Escape behaviour in the stomatopod crustacean Squilla mantis, and the evolution of the caridoid escape reaction

Abstract

The mantis shrimp Squilla mantis shows a graded series of avoidance/escape responses to visual and mechanical (vibration and touch) rostral stimuli. A low-threshold response is mediated by the simultaneous protraction of the thoracic walking legs and abdominal swimmerets and telson, producing a backwards ‘lurch’ or jump that can displace the animal by up to one-third of its body length, but leaves it facing in the same direction. A stronger response starts with similar limb protraction, but is followed by partial abdominal flexion.
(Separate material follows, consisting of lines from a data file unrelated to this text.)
lemma card_butterfly_partitions:
  "card {ps. butterfly_partition n ps \<and> P (ps ! 1)} =
    (\<Sum>a = 3..n. if P a then card (butterfly_tails a n) else 0)"
proof -
  let ?A = "{a \<in> {3..n}. P a}"
  have "{ps. butterfly_partition n ps \<and> P (ps ! 1)} =
      (\<lambda>(a, S). butterfly_of a S) ` (SIGMA a:?A. butterfly_tails a n)"
  proof (intro equalityI subsetI)
    fix ps
    assume "ps \<in> {ps. butterfly_partition n ps \<and> P (ps ! 1)}"
    then have bp: "butterfly_partition n ps" "P (ps ! 1)"
      by auto
    have "ps ! 1 \<le> n"
      using butterfly_partition_decomp(2)[OF bp(1)] by (auto simp: butterfly_tails_def)
    then show "ps \<in> (\<lambda>(a, S). butterfly_of a S) ` (SIGMA a:?A. butterfly_tails a n)"
      using butterfly_partition_decomp[OF bp(1)] bp(2)
      by (intro image_eqI[of _ _ "(ps ! 1, set (drop 3 ps))"]) auto
  next
    fix ps
    assume "ps \<in> (\<lambda>(a, S). butterfly_of a S) ` (SIGMA a:?A. butterfly_tails a n)"
    then obtain a S where "a \<in> ?A" "S \<in> butterfly_tails a n" "ps = butterfly_of a S"
      by auto
    then show "ps \<in> {ps. butterfly_partition n ps \<and> P (ps ! 1)}"
      using butterfly_of_partition butterfly_of_nth_1 by auto
  qed
  moreover have "inj_on (\<lambda>(a, S). butterfly_of a S) (SIGMA a:?A. butterfly_tails a n)"
  proof (rule inj_onI, clarify)
    fix a S a' S'
    assume "S \<in> butterfly_tails a n" "S' \<in> butterfly_tails a' n" and eq: "butterfly_of a S = butterfly_of a' S'"
    then have "finite S" "finite S'"
      unfolding butterfly_tails_def using finite_subset by auto
    then show "a = a' \<and> S = S'"
      using arg_cong[OF eq, of "\<lambda>ps. ps ! 1"] arg_cong[OF eq, of "\<lambda>ps. set (drop 3 ps)"]
      by (simp only: butterfly_of_nth_1 set_drop_butterfly_of)
  qed
  ultimately have "card {ps. butterfly_partition n ps \<and> P (ps ! 1)} =
      card (SIGMA a:?A. butterfly_tails a n)"
    by (simp only: card_image)
  also have "\<dots> = (\<Sum>a\<in>?A. card (butterfly_tails a n))"
    by (rule card_SigmaI) (simp_all add: finite_butterfly_tails)
  also have "\<dots> = (\<Sum>a = 3..n. if P a then card (butterfly_tails a n) else 0)"
    by (rule sum.inter_filter) simp
  finally show ?thesis .
qed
The maximal response also consists of limb protraction followed by abdominal flexion, but in this case the abdominal flexion is sufficiently vigorous to pull the animal into a tight vertical loop, which leaves it inverted and facing away from the stimulus. The animal then swims forward (away from the stimulus) and rights itself by executing a half-roll. A bilaterally paired, large-diameter, rapidly conducting axon in the dorsal region of the ventral nerve excites swimmeret protractor motoneurons in several ganglia and is likely to be the driver neuron for the limb-protraction response. The same neuron also excites unidentified abdominal trunk motoneurons, but less reliably. The escape response is a key feature of the malacostracan caridoid facies, and we provide the first detailed description of this response in a group that diverged early in malacostracan evolution. We show that the components of the escape response contrast strongly with those of the full caridoid reaction, and we provide physiological and behavioural evidence for the biological plausibility of a limb-before-tail thesis for the evolution of the escape response.